Lambonius said:
The problem I see with that is that if you go back into 19th Century America, it basically just becomes a Western. We're already not all THAT far removed from a Western-style costume with all the leather and wide brimmed hats.
True, it would be hard to not turn into a Western, and to keep the 'purity' or whatever term you want to use of the character intact, but I think if done right it could be interesting. I just feel that unlike James Bond, there isn't really much you can do with Indy that wouldn't displease fans here. So I say, go nuts, be inventive, color outside the lines. People here are gonna complain anyway no matter what, cause that's what diehard fans of anything do best. I would pay to see a reinvention of the character in the 1890s if done right.
Some people want to see 1920s adventures, but that would essentially be prequels. Abner, Marion, all that stuff is part of the "Indy mythology" and if you don't show it, people are gonna let down, and if you do, people are gonna be let down cause it'll never go the way people have built it up in their own minds. Others want to redo the 1930s without Harrison but we've already been there and done that.

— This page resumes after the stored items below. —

(* Let $X$ be a finite simplicial complex, $d\ge 0$, and let $F^{\uparrow}:C_{d+1}(X)\to C_{d+1}(X)$ and $F^{\downarrow}:C_{d-1}(X)\to C_{d-1}(X)$ be smooth. Let $G_d(\theta)=B_d^\intercal F^{\downarrow}(B_d\theta)+B_{d+1}F^{\uparrow}(B_{d+1}^\intercal\theta)$ on $C_d(X)$. Then $G_d$ is exact if and only if the maps $P_{d+1}F^{\uparrow}P_{d+1}$ and $Q_{d-1}F^{\downarrow}Q_{d-1}$ are exact.
   Context: A finite simplicial complex $X$ on vertex set $\{1,\dots,n\}$ is a collection of nonempty subsets closed under taking nonempty subsets; $X_d$ is the set of simplices with $d+1$ vertices; a $d$-simplex with vertices $i_0<\dots<i_d$ is written $[i_0,\dots,i_d]$. $C_d(X)$ is the real vector space with basis $X_d$ and inner product making $X_d$ orthonormal ($C_{-1}(X)=0$). The boundary map is $\partial_d[i_0,\dots,i_d]=\sum_{k=0}^d(-1)^k[i_0,\dots,\widehat{i_k},\dots,i_d]$ with matrix $B_d$; $B_d^\intercal$ its transpose. $P_{d+1}$ is the orthogonal projection of $C_{d+1}(X)$ onto $\operatorname{im}(B_{d+1}^\intercal)$, and $Q_{d-1}$ is the orthogonal projection of $C_{d-1}(X)$ onto $\operatorname{im}(B_d)$. A vector field $F$ on a real inner product space $V$ is exact if $F=\nabla\phi$ for some smooth function $\phi:V\to\mathbb{R}$. *)

theory Defs
  imports "HOL-Analysis.Analysis"
begin

text \<open>All chain spaces live inside the Euclidean space real^('v set), whose standard basis
  vectors are indexed by the finite subsets of vertices; C_d(X) is the coordinate subspace
  spanned by the d-simplices of X (so the standard inner product makes X_d orthonormal).\<close>

definition simplicial_complex :: "'v set set \<Rightarrow> bool" where
  "simplicial_complex X \<longleftrightarrow>
     (\<forall>s\<in>X. s \<noteq> {}) \<and> (\<forall>s\<in>X. \<forall>t. t \<subseteq> s \<and> t \<noteq> {} \<longrightarrow> t \<in> X)"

The 1940s fans would want noir tones and I don't know that noir is a genre that can sell today.
I just think that any recasting is going to have to take the series in a very different, almost "alien" direction - the same way each Bond actor plays a very different character from the last. Like, take
Live and Let Die - outside of the character of James Bond (who is played very differently by Roger Moore), it has very little in common with past Bond films, but it worked. Change on the order of that magnitude I feel has to happen with a post-Harrison Indy for it to work. Playing the safe route and having the next phase be prequel films is going to get boring fast, and those films will never get to be their own special, unique things - the same way I feel that the Star Trek reboots leaned too heavily on pre-established mythos to really stand out in their own right.
I feel that Harrison has played the character for so long that any new actor is going to have a VERY hard time not standing in his shadow, and I think Harrison was half the selling point for a lot of people even back in the 80s - Han Solo in a quasi-Western that happened to also be a great set of films.